After looking over the code base and profiling, searching, etc. I stumbled on this guide from Apple on using the newish (MacOS 11) Audio Workgroups API.

I don’t see any mentions of this API in the JUCE CoreAudio code or the forums. Am I missing something obvious?

I tried hacking this into AudioIODeviceCombiner::run() myself and it makes a huge difference - the audio CPU meter becomes stable again and satisfyingly low.

Anyone else noticed this? It would be great if JUCE could look at this as I don’t want to have to use my hacky patch.

Rail

Perhaps the title of my post was misleading because i’m not so much talking about thread priority as the behavior of the audio thread, which is always set to priority of 9.

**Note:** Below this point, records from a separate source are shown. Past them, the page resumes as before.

(* Let $G = K_2 \otimes K_n$. If $n = 2$, then $G$ is disconnected. If $n \geq 3$, then $\dim(G) = n-1$.
   Context: $K_r$ is the complete graph on $r$ vertices. The tensor product $G\otimes H$ has vertex set $V(G)\times V(H)$, with $(u,v)$ adjacent to $(x,y)$ iff $ux\in E(G)$ and $vy\in E(H)$. For a connected graph and an ordered set $W=\{w_1,\dots,w_k\}$ of vertices, $r(v\mid W)=(d(v,w_1),\dots,d(v,w_k))$; $W$ is resolving if distinct vertices have distinct representations; $\dim(G)$ is the minimum size of a resolving set. *)

theory Defs
  imports Main
begin

type_synonym 'a graph = "'a set \<times> ('a \<Rightarrow> 'a \<Rightarrow> bool)"

definition verts :: "'a graph \<Rightarrow> 'a set" where "verts G = fst G"
definition adj :: "'a graph \<Rightarrow> 'a \<Rightarrow> 'a \<Rightarrow> bool" where "adj G = snd G"

definition complete_graph :: "nat \<Rightarrow> nat graph" where
  "complete_graph r = ({..<r}, \<lambda>i j. i \<noteq> j)"

definition tensor_product :: "'a graph \<Rightarrow> 'b graph \<Rightarrow> ('a \<times> 'b) graph" where
  "tensor_product G H = (verts G \<times> verts H,
     \<lambda>(u, v) (x, y). adj G u x \<and> adj H v y)"

definition is_walk :: "'a graph \<Rightarrow> 'a list \<Rightarrow> bool" where
  "is_walk G xs \<longleftrightarrow> xs \<noteq> [] \<and> set xs \<subseteq> verts G \<and>
     (\<forall>i. Suc i < length xs \<longrightarrow> adj G (xs ! i) (xs ! Suc i))"

definition connected_graph :: "'a graph \<Rightarrow> bool" where
  "connected_graph G \<longleftrightarrow> verts G \<noteq> {} \<and>
     (\<forall>u\<in>verts G. \<forall>v\<in>verts G. \<exists>xs. is_walk G xs \<and> hd xs = u \<and> last xs = v)"

definition gdist :: "'a graph \<Rightarrow> 'a \<Rightarrow> 'a \<Rightarrow> nat" where
  "gdist G u v = (LEAST k. \<exists>xs. is_walk G xs \<and> hd xs = u \<and> last xs = v \<and> length xs = Suc k)"

text \<open>W resolves G: distinct vertices have distinct distance vectors to W.
  (For an ordered set W = {w1,...,wk}, r(v|W) = r(u|W) iff d(v,w) = d(u,w) for all w in W.)\<close>
definition resolving_set :: "'a graph \<Rightarrow> 'a set \<Rightarrow> bool" where
  "resolving_set G W \<longleftrightarrow> W \<subseteq> verts G \<and>
     (\<forall>u\<in>verts G. \<forall>v\<in>verts G. (\<forall>w\<in>W. gdist G u w = gdist G v w) \<longrightarrow> u = v)"

definition metric_dim :: "'a graph \<Rightarrow> nat" where
  "metric_dim G = (LEAST k. \<exists>W. finite W \<and> card W = k \<and> resolving_set G W)"

end

theory Submission
  imports Defs
begin

text \<open>In \<open>K\<^sub>2 \<otimes> K\<^sub>n\<close> two vertices are at distance 0, 1, 2 or 3 according to whether they
  agree in both coordinates, in neither, only in the first, or only in the second. For \<open>n = 2\<close>
  the parity of the coordinate sum is invariant along edges, so the graph is disconnected.
  For \<open>n \<ge> 3\<close> the vertices \<open>(0, j)\<close> and \<open>(0, k)\<close> have the same distance to every vertex
  outside the columns \<open>j\<close> and \<open>k\<close>, so a resolving set meets all columns but at most one;
  conversely \<open>{0} \<times> {0..<n-1}\<close> resolves, since the distance to \<open>(0, 0)\<close> is even exactly
  on row 0 and the distance to \<open>(0, k)\<close> is 0 or 3 exactly on column \<open>k\<close>.\<close>

lemma is_walk_singleton [simp]: "is_walk G [x] \<longleftrightarrow> x \<in> verts G"
  by (simp add: is_walk_def)

lemma is_walk_Cons_hd: "is_walk G (x # xs) \<Longrightarrow> x \<in> verts G"
  by (simp add: is_walk_def)

lemma is_walk_Cons_Cons [simp]:
  "is_walk G (x # y # xs) \<longleftrightarrow> x \<in> verts G \<and> adj G x y \<and> is_walk G (y # xs)"
  unfolding is_walk_def by (auto simp: less_Suc_eq_0_disj)

lemma walk_length_ge_2:
  assumes "is_walk G xs" "hd xs \<noteq> last xs"
  shows "2 \<le> length xs"
proof -
  have "length xs \<noteq> 0" using assms(1) by (simp add: is_walk_def)
  moreover have "length xs \<noteq> 1" using assms(2) by (auto simp: length_Suc_conv)
  ultimately show ?thesis by linarith
qed

lemma walk_length_ge_3:
  assumes "is_walk G xs" "hd xs \<noteq> last xs" "\<not> adj G (hd xs) (last xs)"
  shows "3 \<le> length xs"
proof -
  have "length xs \<noteq> 2"
    using assms by (auto simp: numeral_2_eq_2 length_Suc_conv)
  with walk_length_ge_2[OF assms(1,2)] show ?thesis by linarith
qed

lemma walk_length_ge_4:
  assumes "is_walk G xs" "hd xs \<noteq> last xs" "\<not> adj G (hd xs) (last xs)"
    and "\<not> (\<exists>w\<in>verts G. adj G (hd xs) w \<and> adj G w (last xs))"
  shows "4 \<le> length xs"
proof -
  have "length xs \<noteq> 3"
    using assms by (auto simp: numeral_3_eq_3 length_Suc_conv)
  with walk_length_ge_3[OF assms(1-3)] show ?thesis by linarith
qed

lemma walk_invariant:
  assumes "\<And>x y. x \<in> verts G \<Longrightarrow> y \<in> verts G \<Longrightarrow> adj G x y \<Longrightarrow> f x = f y"
    and "is_walk G xs"
  shows "f (hd xs) = f (last xs)"
  using assms(2)
proof (induction xs rule: induct_list012)
  case (3 x y zs)
  then show ?case using assms(1) is_walk_Cons_hd[of G y zs] by auto
qed (auto simp: is_walk_def)

lemma not_connected_by_invariant:
  assumes "\<And>x y. x \<in> verts G \<Longrightarrow> y \<in> verts G \<Longrightarrow> adj G x y \<Longrightarrow> f x = f y"
    and "u \<in> verts G" "v \<in> verts G" "f u \<noteq> f v"
  shows "\<not> connected_graph G"
proof
  assume "connected_graph G"
  then obtain xs where xs: "is_walk G xs" "hd xs = u" "last xs = v"
    using assms(2,3) unfolding connected_graph_def by blast
  have "f (hd xs) = f (last xs)" using assms(1) xs(1) by (rule walk_invariant)
  then show False using xs(2,3) assms(4) by simp
qed

lemma gdist_eqI:
  assumes "is_walk G xs" "hd xs = u" "last xs = v" "length xs = Suc d"
    and "\<And>ys. is_walk G ys \<Longrightarrow> hd ys = u \<Longrightarrow> last ys = v \<Longrightarrow> Suc d \<le> length ys"
  shows "gdist G u v = d"
  unfolding gdist_def using assms by (intro Least_equality) (blast, fastforce)

lemma gdist_self: "u \<in> verts G \<Longrightarrow> gdist G u u = 0"
  by (rule gdist_eqI[of G "[u]"]) (auto simp: is_walk_def Suc_le_eq)

lemma gdist_adjacent:
  assumes "u \<in> verts G" "v \<in> verts G" "adj G u v" "u \<noteq> v"
  shows "gdist G u v = 1"
  using assms walk_length_ge_2 by (intro gdist_eqI[of G "[u, v]"]) fastforce+

lemma gdist_common_neighbour:
  assumes "u \<in> verts G" "w \<in> verts G" "v \<in> verts G" "adj G u w" "adj G w v"
    and "u \<noteq> v" "\<not> adj G u v"
  shows "gdist G u v = 2"
  using assms walk_length_ge_3 by (intro gdist_eqI[of G "[u, w, v]"]) fastforce+

lemma gdist_walk3_no_common_neighbour:
  assumes "is_walk G [u, x, y, v]" "u \<noteq> v" "\<not> adj G u v"
    and "\<not> (\<exists>w\<in>verts G. adj G u w \<and> adj G w v)"
  shows "gdist G u v = 3"
  using assms walk_length_ge_4 by (intro gdist_eqI[of G "[u, x, y, v]"]) fastforce+

lemma metric_dim_eqI:
  assumes "finite W" "resolving_set G W" "card W = k"
    and "\<And>W'. finite W' \<Longrightarrow> resolving_set G W' \<Longrightarrow> k \<le> card W'"
  shows "metric_dim G = k"
  unfolding metric_dim_def using assms by (intro Least_equality) blast+

abbreviation crown_graph :: "nat \<Rightarrow> (nat \<times> nat) graph" where
  "crown_graph n \<equiv> tensor_product (complete_graph 2) (complete_graph n)"

lemma verts_crown_graph [simp]: "verts (crown_graph n) = {..<2} \<times> {..<n}"
  by (simp add: tensor_product_def complete_graph_def verts_def)

lemma adj_crown_graph [simp]: "adj (crown_graph n) (a, i) (b, j) \<longleftrightarrow> a \<noteq> b \<and> i \<noteq> j"
  by (simp add: tensor_product_def complete_graph_def adj_def)

lemma crown_graph_2_not_connected: "\<not> connected_graph (crown_graph 2)"
proof (rule not_connected_by_invariant
    [where f = "\<lambda>(a, i). even (a + i)" and u = "(0, 0)" and v = "(0, 1)"])
  fix x y
  assume "x \<in> verts (crown_graph 2)" "y \<in> verts (crown_graph 2)" "adj (crown_graph 2) x y"
  moreover obtain a i b j where "x = (a, i)" "y = (b, j)" by fastforce
  ultimately have "a < 2" "i < 2" "b < 2" "j < 2" "a \<noteq> b" "i \<noteq> j" by auto
  then have "even (a + i) \<longleftrightarrow> even (b + j)" by presburger
  then show "(\<lambda>(a, i). even (a + i)) x = (\<lambda>(a, i). even (a + i)) y"
    using \<open>x = (a, i)\<close> \<open>y = (b, j)\<close> by simp
qed simp_all

fun crown_dist :: "nat \<times> nat \<Rightarrow> nat \<times> nat \<Rightarrow> nat" where
  "crown_dist (a, i) (b, j) =
     (if i = j then (if a = b then 0 else 3) else (if a = b then 2 else 1))"

lemma ex_less_neq2: "3 \<le> (n::nat) \<Longrightarrow> \<exists>k<n. k \<noteq> i \<and> k \<noteq> j"
  by presburger

lemma gdist_crown_graph:
  assumes n: "3 \<le> n" and "u \<in> verts (crown_graph n)" "v \<in> verts (crown_graph n)"
  shows "gdist (crown_graph n) u v = crown_dist u v"
proof -
  obtain a i b j where u: "u = (a, i)" and v: "v = (b, j)" by fastforce
  have a: "a < 2" "i < n" and b: "b < 2" "j < n" using assms u v by auto
  consider "a = b" "i = j" | "a \<noteq> b" "i \<noteq> j" | "a = b" "i \<noteq> j" | "a \<noteq> b" "i = j"
    by blast
  then show ?thesis
  proof cases
    case 1
    then show ?thesis using a gdist_self[of "(a, i)" "crown_graph n"] unfolding u v by simp
  next
    case 2
    then show ?thesis using a b gdist_adjacent[of "(a, i)" "crown_graph n" "(b, j)"]
      unfolding u v by simp
  next
    case 3
    obtain k where "k < n" "k \<noteq> i" "k \<noteq> j" using ex_less_neq2[OF n] by blast
    with 3 a b show ?thesis
      unfolding u v
      by (subst gdist_common_neighbour[where w = "(1 - a, k)"]) (auto simp: less_2_cases_iff)
  next
    case 4
    obtain j' where "j' < n" "j' \<noteq> i" using ex_less_neq2[OF n] by blast
    moreover obtain k where "k < n" "k \<noteq> i" "k \<noteq> j'" using ex_less_neq2[OF n] by blast
    moreover have
      "\<not> (\<exists>w\<in>verts (crown_graph n). adj (crown_graph n) u w \<and> adj (crown_graph n) w v)"
      using 4 a b unfolding u v by (auto simp: less_2_cases_iff)
    ultimately show ?thesis
      using 4 a b unfolding u v
      by (subst gdist_walk3_no_common_neighbour[where x = "(b, j')" and y = "(a, k)"]) auto
  qed
qed

lemma crown_dist_same_column_iff: "crown_dist (a, i) (c, k) \<in> {0, 3} \<longleftrightarrow> i = k"
  by simp

lemma even_crown_dist_iff: "even (crown_dist (a, i) (c, k)) \<longleftrightarrow> a = c"
  by simp

lemma resolving_set_crown_graph:
  assumes n: "3 \<le> n"
  shows "resolving_set (crown_graph n) ({0} \<times> {..<n - 1})"
  unfolding resolving_set_def
proof (intro conjI ballI impI)
  show "{0} \<times> {..<n - 1} \<subseteq> verts (crown_graph n)" by auto
next
  fix u v assume u: "u \<in> verts (crown_graph n)" and v: "v \<in> verts (crown_graph n)"
    and eq: "\<forall>w\<in>{0} \<times> {..<n - 1}. gdist (crown_graph n) u w = gdist (crown_graph n) v w"
  obtain a i b j where uv: "u = (a, i)" "v = (b, j)" by fastforce
  have ab: "a < 2" "b < 2" and ij: "i < n" "j < n" using u v uv by auto
  have dist_eq: "crown_dist (a, i) (0, k) = crown_dist (b, j) (0, k)" if "k < n - 1" for k
    using eq that gdist_crown_graph[OF n u, of "(0, k)"] gdist_crown_graph[OF n v, of "(0, k)"]
    unfolding uv by auto
  have "a = 0 \<longleftrightarrow> b = 0"
    using dist_eq[of 0] n even_crown_dist_iff[of a i 0 0] even_crown_dist_iff[of b j 0 0] by simp
  then have "a = b" using ab by linarith
  moreover have "i = j"
  proof (rule ccontr)
    assume "i \<noteq> j"
    then obtain k where "k < n - 1" "k \<in> {i, j}" using ij by (cases "i < n - 1") auto
    moreover have "i = k \<longleftrightarrow> j = k" if "k < n - 1" for k
      using dist_eq[OF that]
        crown_dist_same_column_iff[of a i 0 k] crown_dist_same_column_iff[of b j 0 k]
      by argo
    ultimately show False using \<open>i \<noteq> j\<close> by blast
  qed
  ultimately show "u = v" using uv by simp
qed

lemma resolving_set_crown_graph_misses_one_column:
  assumes n: "3 \<le> n" and W: "resolving_set (crown_graph n) W"
    and "j < n" "k < n" "j \<notin> snd ` W" "k \<notin> snd ` W"
  shows "j = k"
proof -
  have "W \<subseteq> verts (crown_graph n)" using W by (simp add: resolving_set_def)
  then have "gdist (crown_graph n) (0, j) w = gdist (crown_graph n) (0, k) w" if "w \<in> W" for w
    using that assms gdist_crown_graph[OF n, of "(0, j)" w] gdist_crown_graph[OF n, of "(0, k)" w]
    by (cases w) force
  moreover have "(0, j) \<in> verts (crown_graph n)" "(0, k) \<in> verts (crown_graph n)"
    using assms(3,4) by auto
  ultimately have "(0::nat, j) = (0, k)" using W unfolding resolving_set_def by blast
  then show ?thesis by simp
qed

lemma card_resolving_set_crown_graph:
  assumes n: "3 \<le> n" and "finite W" and W: "resolving_set (crown_graph n) W"
  shows "n - 1 \<le> card W"
proof -
  have "card ({..<n} - snd ` W) \<le> 1"
    using resolving_set_crown_graph_misses_one_column[OF n W]
    by (auto simp: card_le_Suc0_iff_eq)
  moreover have "n \<le> card (snd ` W) + card ({..<n} - snd ` W)"
  proof -
    have "n = card {..<n}" by simp
    also have "\<dots> \<le> card (snd ` W \<union> ({..<n} - snd ` W))"
      using \<open>finite W\<close> by (intro card_mono) auto
    also have "\<dots> \<le> card (snd ` W) + card ({..<n} - snd ` W)" by (rule card_Un_le)
    finally show ?thesis .
  qed
  moreover have "card (snd ` W) \<le> card W" using \<open>finite W\<close> by (rule card_image_le)
  ultimately show ?thesis by linarith
qed

theorem proposition3p2:
  fixes n :: nat
  shows "(n = 2 \<longrightarrow> \<not> connected_graph (tensor_product (complete_graph 2) (complete_graph n)))
       \<and> (n \<ge> 3 \<longrightarrow> metric_dim (tensor_product (complete_graph 2) (complete_graph n)) = n - 1)"
proof (intro conjI impI)
  assume "n = 2"
  then show "\<not> connected_graph (crown_graph n)" using crown_graph_2_not_connected by simp
next
  assume n: "3 \<le> n"
  show "metric_dim (crown_graph n) = n - 1"
  proof (rule metric_dim_eqI)
    show "resolving_set (crown_graph n) ({0} \<times> {..<n - 1})"
      using n by (rule resolving_set_crown_graph)
  qed (use card_resolving_set_crown_graph[OF n] in auto)
qed

end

I read that thread before writing this post and it doesn’t mention anything about Audio Workgroups or issues with audio thread performance.

This post…
Joining threads to CoreAudio HAL A… | Apple Developer Forums

and this guide…
adding_parallel_real-time_threads_to_audio_workgroups

… show the relevent code for adding the device combiner thread to the audio device workgroup.

1 Like

We’re currently updating Thread to make use of modern performance classifications. These changes may well fix this issue you’re seeing, but I will check it out.

3 Likes

Thank you!

It’s simple to recreate by just taking the AudioSettingsDemo and adding some heavy processing load, like in the AudioPerformanceTest with a relatively small buffer size, and then check for xruns and fluctuating CPU usage when using AudioIODeviceCombiner VS using a single device for IO.

But, the problem seems most apparent on the faster M1 macbook pros with 10 cores. It doesn’t seem as much (if at all) of a problem on the M1 Airs for some reason.

The M1 performance issue is a known one, the higher core M1 variants have fewer efficiency cores. Which version of JUCE are you currently targetting?

When I wrote this originally I was building against JUCE 7.0.0 with XCode 13.4.1. But, I just tested JUCE 7.0.1 and there’s no improvement on the issue.

When you say M1 performance is a known issue, do you mean in general? Or as it relates to JUCE code?

Just to be clear, the issue goes away if you use the Audio Workgroup API as described above, so it seems JUCE specific to me. Also, it is not a general audio performance issue as it runs fine when you use the same device for input and output.

The pthread API used on macOS doesn’t work very well with the M1 platforms; a pthread priority below four will lock the thread to the E cores, which, ironically, on the higher performance variants causes a significant performance disparity due to having 2 vs 4 E cores.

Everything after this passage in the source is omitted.